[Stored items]
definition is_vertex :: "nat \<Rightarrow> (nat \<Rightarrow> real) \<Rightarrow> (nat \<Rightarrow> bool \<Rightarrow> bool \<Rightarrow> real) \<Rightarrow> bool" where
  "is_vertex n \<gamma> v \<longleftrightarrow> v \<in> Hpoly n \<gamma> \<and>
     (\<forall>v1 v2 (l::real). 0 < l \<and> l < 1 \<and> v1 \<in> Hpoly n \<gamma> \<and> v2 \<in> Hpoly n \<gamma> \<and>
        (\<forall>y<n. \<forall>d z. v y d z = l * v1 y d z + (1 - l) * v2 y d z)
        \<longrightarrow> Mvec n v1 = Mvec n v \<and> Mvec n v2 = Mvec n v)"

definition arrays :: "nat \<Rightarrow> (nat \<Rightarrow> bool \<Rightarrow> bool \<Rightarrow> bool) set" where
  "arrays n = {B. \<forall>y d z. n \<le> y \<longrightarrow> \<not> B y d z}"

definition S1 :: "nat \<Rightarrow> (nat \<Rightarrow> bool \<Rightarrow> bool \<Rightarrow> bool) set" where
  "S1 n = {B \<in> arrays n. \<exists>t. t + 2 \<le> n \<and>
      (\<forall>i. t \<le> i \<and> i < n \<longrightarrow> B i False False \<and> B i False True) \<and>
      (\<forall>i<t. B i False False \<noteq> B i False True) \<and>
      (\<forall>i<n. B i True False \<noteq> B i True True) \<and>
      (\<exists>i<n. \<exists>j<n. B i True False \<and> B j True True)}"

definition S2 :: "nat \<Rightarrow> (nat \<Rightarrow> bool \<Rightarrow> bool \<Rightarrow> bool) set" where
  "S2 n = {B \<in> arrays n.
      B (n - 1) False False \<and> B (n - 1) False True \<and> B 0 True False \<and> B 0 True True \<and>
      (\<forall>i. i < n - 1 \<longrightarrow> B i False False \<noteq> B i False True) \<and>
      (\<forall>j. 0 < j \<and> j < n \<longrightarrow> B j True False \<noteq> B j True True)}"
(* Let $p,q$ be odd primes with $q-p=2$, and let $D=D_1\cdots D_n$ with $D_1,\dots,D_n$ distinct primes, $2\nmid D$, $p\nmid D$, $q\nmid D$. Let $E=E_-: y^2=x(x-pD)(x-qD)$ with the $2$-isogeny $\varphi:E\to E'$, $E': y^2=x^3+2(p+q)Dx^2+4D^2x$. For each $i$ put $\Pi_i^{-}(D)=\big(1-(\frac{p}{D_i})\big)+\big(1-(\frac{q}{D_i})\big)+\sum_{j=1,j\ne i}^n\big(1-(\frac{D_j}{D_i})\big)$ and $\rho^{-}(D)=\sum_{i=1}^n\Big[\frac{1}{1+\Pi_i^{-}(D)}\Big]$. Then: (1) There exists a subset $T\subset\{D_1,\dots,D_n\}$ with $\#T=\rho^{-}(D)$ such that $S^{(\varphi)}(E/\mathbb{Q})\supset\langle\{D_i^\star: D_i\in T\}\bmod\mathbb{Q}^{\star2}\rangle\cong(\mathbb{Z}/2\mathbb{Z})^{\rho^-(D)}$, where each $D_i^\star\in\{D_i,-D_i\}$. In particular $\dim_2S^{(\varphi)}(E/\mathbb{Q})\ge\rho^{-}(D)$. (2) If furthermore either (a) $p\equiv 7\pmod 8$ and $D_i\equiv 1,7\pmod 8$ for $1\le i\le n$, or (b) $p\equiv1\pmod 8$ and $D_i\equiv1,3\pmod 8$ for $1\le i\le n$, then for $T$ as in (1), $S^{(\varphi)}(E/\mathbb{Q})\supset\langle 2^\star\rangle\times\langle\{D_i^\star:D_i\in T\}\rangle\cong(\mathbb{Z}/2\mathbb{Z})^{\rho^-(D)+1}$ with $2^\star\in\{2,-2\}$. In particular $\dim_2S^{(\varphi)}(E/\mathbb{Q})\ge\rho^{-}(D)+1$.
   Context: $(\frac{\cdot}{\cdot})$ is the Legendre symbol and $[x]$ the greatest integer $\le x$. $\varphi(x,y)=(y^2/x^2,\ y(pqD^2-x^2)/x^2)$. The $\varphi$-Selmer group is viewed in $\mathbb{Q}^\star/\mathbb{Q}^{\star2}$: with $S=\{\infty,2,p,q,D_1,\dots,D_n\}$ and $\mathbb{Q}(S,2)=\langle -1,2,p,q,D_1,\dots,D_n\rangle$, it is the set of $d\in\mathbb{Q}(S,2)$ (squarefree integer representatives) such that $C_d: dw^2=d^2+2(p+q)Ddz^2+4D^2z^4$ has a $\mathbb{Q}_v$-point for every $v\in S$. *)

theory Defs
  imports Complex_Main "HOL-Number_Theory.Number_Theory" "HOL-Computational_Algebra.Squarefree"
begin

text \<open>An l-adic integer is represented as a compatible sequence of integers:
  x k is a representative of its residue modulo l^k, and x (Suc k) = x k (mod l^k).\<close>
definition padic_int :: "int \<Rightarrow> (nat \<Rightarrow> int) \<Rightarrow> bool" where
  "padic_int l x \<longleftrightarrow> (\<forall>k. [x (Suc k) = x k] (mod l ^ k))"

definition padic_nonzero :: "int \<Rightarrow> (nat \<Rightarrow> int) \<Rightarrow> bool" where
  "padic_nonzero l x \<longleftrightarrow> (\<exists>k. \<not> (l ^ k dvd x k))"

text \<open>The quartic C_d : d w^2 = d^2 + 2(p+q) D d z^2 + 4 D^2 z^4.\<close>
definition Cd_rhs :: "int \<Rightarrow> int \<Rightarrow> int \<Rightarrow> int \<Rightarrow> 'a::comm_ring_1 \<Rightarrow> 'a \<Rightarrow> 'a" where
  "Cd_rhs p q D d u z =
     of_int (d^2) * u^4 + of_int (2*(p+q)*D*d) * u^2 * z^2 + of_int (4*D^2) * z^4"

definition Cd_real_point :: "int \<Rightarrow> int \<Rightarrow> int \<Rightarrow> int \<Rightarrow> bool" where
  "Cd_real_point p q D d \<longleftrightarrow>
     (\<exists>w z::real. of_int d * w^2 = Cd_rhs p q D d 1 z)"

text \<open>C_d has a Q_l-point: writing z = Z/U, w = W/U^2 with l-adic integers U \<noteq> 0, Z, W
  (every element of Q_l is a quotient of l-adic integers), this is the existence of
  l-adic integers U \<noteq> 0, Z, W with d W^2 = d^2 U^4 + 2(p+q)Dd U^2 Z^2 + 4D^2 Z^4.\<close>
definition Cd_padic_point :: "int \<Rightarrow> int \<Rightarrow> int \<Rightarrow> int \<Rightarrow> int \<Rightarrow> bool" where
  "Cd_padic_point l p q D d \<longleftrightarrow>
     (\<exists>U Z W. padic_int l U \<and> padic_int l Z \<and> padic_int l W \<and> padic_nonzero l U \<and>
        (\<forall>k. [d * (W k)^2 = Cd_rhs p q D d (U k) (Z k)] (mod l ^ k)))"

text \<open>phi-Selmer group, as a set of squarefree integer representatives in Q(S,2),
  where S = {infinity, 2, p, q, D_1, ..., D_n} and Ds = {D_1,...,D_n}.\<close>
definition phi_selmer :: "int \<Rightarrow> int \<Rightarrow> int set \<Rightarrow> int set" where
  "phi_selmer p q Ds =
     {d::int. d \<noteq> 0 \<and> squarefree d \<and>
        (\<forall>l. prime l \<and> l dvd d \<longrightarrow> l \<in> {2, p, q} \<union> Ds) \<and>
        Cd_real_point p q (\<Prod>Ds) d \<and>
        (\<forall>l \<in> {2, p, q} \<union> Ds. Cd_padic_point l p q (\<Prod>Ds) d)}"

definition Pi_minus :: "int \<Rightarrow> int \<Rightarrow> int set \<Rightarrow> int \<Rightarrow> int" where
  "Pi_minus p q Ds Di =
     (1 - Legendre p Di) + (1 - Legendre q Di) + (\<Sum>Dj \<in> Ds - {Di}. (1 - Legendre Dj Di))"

DIRECTIONS FOR THIS TASK –
Among the records above, only the lines between the line holding "text \<open>The quartic" and the line holding "l p q D d \<longleftrightarrow>", inclusive, are to be output, exactly as written.

ANSWER BOX –
text \<open>The quartic C_d : d w^2 = d^2 + 2(p+q) D d z^2 + 4 D^2 z^4.\<close>
definition Cd_rhs :: "int \<Rightarrow> int \<Rightarrow> int \<Rightarrow> int \<Rightarrow> 'a::comm_ring_1 \<Rightarrow> 'a \<Rightarrow> 'a" where
  "Cd_rhs p q D d u z =
     of_int (d^2) * u^4 + of_int (2*(p+q)*D*d) * u^2 * z^2 + of_int (4*D^2) * z^4"

definition Cd_real_point :: "int \<Rightarrow> int \<Rightarrow> int \<Rightarrow> int \<Rightarrow> bool" where
  "Cd_real_point p q D d \<longleftrightarrow>
     (\<exists>w z::real. of_int d * w^2 = Cd_rhs p q D d 1 z)"

text \<open>C_d has a Q_l-point: writing z = Z/U, w = W/U^2 with l-adic integers U \<noteq> 0, Z, W
  (every element of Q_l is a quotient of l-adic integers), this is the existence of
  l-adic integers U \<noteq> 0, Z, W with d W^2 = d^2 U^4 + 2(p+q)Dd U^2 Z^2 + 4D^2 Z^4.\<close>
definition Cd_padic_point :: "int \<Rightarrow> int \<Rightarrow> int \<Rightarrow> int \<Rightarrow> int \<Rightarrow> bool" where
  "Cd_padic_point l p q D d \<longleftrightarrow>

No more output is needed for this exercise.